Your assignment: Determine how many lines of the entries include the word "troot", and report that number with no further text.

═════ Source data

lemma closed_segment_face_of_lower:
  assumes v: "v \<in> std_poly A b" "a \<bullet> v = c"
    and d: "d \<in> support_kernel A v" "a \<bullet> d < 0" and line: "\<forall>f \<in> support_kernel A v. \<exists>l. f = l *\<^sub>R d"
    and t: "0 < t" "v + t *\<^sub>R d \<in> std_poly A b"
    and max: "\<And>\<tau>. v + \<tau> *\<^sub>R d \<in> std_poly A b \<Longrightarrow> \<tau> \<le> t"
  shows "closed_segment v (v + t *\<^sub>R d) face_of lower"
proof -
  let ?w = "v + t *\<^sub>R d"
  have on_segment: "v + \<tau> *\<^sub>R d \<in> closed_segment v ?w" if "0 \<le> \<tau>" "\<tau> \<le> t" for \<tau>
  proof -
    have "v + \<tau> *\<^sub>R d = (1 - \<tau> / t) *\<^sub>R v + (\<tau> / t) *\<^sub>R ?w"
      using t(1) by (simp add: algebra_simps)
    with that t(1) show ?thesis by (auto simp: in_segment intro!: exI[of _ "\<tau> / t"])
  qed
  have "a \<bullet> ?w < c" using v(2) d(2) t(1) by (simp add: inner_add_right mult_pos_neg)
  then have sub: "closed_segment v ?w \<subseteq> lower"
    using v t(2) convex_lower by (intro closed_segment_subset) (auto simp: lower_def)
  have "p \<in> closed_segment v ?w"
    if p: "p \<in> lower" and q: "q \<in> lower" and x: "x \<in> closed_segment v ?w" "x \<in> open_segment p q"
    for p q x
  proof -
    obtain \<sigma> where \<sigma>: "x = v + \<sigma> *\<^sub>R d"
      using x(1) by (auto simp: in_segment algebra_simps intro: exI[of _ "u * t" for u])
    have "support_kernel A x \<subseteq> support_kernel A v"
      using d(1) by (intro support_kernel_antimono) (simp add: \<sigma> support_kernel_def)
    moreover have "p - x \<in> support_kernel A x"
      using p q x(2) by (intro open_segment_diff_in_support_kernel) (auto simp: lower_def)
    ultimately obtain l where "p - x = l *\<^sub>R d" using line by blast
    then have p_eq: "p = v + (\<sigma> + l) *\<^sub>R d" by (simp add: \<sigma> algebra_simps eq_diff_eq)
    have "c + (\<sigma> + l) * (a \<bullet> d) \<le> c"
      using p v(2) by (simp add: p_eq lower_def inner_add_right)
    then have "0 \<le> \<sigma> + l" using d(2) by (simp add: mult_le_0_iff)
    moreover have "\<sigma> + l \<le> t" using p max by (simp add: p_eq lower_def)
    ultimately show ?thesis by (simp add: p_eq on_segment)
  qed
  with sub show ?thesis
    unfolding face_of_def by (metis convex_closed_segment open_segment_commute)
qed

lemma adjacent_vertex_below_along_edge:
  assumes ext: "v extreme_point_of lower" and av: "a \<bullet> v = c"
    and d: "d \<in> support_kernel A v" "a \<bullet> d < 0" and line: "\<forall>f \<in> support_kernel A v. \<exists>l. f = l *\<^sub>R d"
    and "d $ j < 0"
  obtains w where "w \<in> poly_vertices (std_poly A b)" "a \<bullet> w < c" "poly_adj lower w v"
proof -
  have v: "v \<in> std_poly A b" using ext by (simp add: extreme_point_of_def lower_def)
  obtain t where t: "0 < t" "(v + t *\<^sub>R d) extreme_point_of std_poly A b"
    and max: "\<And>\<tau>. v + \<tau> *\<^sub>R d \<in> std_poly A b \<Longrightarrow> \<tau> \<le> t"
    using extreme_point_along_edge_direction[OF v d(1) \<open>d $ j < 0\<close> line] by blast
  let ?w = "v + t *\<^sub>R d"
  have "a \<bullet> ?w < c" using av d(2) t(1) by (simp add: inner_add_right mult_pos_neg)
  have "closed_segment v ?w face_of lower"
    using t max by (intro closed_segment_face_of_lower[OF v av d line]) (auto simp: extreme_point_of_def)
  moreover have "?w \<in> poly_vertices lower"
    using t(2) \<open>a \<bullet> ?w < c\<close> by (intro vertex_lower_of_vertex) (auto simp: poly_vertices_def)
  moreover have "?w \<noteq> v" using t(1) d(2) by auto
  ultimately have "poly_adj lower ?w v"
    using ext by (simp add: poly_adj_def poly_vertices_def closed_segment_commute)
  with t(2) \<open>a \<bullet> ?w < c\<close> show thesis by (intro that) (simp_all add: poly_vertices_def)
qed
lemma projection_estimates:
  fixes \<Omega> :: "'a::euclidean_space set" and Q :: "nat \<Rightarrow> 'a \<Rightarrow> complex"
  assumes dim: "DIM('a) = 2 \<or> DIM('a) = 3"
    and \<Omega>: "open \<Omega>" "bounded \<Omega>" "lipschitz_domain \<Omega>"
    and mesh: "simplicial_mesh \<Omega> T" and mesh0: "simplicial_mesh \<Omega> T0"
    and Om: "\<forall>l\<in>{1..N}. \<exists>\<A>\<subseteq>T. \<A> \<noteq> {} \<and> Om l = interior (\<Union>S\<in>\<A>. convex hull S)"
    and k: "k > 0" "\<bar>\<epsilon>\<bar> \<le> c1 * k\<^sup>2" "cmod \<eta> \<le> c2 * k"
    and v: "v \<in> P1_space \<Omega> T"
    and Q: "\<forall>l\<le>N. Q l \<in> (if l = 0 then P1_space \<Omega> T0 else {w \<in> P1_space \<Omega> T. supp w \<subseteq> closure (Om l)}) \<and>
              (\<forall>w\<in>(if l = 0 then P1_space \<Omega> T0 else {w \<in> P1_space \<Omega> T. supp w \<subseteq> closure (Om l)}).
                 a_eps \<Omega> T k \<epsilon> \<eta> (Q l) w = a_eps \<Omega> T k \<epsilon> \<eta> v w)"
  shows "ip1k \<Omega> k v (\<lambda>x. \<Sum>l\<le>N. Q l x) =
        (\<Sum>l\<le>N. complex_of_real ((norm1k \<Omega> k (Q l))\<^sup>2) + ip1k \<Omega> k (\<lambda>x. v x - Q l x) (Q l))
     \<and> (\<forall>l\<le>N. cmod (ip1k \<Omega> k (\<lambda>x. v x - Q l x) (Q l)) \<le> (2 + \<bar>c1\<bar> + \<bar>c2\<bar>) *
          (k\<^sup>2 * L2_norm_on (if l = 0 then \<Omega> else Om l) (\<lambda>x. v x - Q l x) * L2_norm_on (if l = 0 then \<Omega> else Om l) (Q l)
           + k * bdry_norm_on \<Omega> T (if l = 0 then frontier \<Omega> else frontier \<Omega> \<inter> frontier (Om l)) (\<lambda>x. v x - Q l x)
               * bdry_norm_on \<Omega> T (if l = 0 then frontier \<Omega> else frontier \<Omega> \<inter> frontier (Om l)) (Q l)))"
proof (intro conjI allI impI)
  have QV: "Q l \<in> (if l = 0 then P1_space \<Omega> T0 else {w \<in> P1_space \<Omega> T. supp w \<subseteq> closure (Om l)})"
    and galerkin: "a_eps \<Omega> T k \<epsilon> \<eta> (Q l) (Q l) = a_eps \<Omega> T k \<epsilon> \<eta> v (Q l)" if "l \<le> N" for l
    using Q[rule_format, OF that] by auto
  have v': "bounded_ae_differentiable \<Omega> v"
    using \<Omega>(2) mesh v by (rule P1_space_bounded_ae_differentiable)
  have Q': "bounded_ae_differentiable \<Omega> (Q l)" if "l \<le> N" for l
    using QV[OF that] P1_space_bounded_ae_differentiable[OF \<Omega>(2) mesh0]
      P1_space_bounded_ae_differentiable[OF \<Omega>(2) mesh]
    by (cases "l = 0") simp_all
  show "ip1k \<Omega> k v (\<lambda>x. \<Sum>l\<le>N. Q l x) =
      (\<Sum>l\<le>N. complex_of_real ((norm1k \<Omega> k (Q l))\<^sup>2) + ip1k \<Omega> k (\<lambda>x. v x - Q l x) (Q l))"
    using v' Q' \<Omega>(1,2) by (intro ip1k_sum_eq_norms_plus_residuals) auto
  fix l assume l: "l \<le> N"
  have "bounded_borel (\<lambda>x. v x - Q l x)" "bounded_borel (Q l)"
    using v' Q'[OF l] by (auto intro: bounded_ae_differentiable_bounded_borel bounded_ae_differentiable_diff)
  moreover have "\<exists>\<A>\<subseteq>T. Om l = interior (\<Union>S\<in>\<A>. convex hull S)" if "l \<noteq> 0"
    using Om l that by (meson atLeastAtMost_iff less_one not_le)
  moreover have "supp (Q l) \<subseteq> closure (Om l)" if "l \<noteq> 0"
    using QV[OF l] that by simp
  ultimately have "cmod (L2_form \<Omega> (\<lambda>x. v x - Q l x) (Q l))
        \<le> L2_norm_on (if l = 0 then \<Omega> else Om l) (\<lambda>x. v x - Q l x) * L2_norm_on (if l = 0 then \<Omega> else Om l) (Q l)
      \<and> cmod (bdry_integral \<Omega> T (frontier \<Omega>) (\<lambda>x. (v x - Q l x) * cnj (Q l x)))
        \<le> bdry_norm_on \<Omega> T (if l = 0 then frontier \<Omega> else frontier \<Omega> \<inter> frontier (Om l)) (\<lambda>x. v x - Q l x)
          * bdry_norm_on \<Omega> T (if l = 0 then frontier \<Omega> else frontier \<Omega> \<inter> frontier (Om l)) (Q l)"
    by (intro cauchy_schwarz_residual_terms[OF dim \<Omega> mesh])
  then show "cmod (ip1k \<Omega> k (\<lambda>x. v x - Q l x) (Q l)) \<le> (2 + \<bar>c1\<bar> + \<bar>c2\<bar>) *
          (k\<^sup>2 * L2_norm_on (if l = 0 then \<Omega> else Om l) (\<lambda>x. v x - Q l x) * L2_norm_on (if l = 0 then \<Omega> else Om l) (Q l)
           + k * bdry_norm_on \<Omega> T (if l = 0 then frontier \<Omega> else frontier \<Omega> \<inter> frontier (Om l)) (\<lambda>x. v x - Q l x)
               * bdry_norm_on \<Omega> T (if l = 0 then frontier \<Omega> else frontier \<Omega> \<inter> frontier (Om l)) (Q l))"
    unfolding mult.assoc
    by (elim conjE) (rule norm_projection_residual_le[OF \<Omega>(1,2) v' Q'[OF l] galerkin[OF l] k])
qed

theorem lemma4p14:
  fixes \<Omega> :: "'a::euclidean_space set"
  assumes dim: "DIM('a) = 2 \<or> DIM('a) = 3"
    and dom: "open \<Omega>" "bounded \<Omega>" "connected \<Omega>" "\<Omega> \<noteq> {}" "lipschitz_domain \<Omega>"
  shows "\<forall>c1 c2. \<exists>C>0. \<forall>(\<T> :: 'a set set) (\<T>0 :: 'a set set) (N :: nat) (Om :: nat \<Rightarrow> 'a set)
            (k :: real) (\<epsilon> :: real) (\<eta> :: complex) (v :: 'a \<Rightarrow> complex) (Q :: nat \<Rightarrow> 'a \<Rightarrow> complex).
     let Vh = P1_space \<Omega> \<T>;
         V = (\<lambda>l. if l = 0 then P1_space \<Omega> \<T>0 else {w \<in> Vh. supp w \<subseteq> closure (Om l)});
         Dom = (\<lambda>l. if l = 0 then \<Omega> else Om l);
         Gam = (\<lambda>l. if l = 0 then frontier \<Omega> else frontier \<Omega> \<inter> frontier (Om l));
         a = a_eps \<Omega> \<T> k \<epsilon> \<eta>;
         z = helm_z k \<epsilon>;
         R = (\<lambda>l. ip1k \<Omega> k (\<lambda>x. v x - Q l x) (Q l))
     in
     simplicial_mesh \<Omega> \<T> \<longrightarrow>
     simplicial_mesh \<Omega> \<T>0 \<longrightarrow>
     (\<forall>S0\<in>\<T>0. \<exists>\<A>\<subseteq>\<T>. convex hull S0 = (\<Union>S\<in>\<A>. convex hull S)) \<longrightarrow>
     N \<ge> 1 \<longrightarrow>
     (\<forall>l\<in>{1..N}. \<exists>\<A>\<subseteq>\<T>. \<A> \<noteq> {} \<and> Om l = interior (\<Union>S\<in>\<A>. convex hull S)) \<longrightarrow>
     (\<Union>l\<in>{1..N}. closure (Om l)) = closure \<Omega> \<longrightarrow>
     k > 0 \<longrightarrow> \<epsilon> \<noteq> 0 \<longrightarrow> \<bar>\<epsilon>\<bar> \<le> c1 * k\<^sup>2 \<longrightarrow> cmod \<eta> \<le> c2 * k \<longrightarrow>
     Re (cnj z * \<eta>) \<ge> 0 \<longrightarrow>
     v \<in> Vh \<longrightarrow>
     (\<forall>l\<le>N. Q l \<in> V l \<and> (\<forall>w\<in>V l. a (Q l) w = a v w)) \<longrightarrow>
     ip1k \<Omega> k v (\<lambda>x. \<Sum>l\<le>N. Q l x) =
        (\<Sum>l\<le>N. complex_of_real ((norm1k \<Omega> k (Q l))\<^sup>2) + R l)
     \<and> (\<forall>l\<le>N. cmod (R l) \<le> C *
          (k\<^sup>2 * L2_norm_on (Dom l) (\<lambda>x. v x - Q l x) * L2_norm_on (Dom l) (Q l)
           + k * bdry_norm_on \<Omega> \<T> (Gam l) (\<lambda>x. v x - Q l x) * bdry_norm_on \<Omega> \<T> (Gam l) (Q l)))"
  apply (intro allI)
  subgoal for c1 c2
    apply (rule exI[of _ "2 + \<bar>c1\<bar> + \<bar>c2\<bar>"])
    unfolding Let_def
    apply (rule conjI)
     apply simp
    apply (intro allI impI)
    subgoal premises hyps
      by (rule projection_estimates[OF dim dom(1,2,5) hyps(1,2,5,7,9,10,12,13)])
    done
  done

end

══════════
═════ Source data

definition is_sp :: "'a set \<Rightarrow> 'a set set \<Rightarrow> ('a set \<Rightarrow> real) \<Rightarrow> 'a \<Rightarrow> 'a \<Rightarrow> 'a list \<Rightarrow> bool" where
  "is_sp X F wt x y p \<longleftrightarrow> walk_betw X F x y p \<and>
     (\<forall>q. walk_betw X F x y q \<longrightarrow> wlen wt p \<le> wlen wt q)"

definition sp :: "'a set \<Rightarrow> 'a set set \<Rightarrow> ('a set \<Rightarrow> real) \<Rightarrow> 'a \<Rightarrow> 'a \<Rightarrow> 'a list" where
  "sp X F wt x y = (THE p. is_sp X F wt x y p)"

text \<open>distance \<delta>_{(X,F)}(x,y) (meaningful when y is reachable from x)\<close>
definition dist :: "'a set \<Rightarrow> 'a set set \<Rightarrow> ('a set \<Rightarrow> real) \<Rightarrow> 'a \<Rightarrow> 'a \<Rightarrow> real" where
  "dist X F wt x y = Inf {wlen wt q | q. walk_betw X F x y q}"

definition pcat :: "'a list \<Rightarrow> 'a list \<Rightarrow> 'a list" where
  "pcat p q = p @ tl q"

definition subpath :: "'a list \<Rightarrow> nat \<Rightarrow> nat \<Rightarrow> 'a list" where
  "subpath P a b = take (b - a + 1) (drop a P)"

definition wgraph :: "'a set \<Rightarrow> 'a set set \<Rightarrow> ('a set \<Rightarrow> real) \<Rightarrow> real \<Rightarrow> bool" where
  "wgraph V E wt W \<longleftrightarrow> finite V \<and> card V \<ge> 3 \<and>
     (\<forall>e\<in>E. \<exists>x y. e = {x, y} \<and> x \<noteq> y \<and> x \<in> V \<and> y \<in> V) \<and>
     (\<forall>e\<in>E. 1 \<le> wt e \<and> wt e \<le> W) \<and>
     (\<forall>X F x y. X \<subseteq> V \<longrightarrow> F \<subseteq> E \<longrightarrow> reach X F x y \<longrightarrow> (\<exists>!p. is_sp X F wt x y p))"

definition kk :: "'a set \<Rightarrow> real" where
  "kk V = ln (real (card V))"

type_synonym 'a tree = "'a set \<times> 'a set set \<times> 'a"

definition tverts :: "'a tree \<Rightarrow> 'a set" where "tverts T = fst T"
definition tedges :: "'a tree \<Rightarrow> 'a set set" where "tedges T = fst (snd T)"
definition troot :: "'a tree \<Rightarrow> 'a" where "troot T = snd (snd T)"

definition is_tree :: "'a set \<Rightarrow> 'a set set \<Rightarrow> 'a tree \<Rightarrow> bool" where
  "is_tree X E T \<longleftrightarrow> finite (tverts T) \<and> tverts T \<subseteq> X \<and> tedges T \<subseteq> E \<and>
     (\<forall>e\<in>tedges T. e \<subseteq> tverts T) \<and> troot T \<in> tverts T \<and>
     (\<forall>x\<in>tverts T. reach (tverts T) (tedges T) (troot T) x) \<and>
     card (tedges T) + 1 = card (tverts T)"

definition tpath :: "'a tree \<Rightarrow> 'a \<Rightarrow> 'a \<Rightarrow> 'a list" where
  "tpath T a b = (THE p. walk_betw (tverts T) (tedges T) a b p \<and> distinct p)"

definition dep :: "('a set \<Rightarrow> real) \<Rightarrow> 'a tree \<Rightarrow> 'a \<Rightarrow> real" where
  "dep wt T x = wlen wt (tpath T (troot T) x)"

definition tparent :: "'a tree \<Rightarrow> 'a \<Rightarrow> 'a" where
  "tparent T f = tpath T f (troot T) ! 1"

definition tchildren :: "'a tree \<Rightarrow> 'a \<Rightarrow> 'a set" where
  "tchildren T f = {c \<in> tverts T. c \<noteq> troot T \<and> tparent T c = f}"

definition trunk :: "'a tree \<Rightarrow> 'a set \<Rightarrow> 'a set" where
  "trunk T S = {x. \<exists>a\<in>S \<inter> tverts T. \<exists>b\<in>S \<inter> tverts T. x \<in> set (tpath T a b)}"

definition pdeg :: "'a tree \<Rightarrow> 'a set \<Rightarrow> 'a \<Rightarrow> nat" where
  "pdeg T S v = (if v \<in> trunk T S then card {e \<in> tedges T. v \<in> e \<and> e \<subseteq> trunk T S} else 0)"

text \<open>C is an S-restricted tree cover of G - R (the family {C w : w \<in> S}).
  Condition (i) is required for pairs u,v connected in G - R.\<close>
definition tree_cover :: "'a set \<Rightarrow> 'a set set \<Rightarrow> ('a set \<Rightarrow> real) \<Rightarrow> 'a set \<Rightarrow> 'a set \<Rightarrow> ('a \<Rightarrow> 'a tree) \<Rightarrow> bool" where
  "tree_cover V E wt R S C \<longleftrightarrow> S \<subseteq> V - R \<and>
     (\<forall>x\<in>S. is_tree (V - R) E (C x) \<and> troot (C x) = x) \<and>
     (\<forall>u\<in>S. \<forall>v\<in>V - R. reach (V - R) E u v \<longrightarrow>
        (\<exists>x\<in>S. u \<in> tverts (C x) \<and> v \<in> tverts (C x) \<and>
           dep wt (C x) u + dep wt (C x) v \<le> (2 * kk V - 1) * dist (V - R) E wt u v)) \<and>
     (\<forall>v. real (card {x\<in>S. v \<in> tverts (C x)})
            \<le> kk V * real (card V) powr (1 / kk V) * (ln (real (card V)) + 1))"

══════════

Exercise result: 7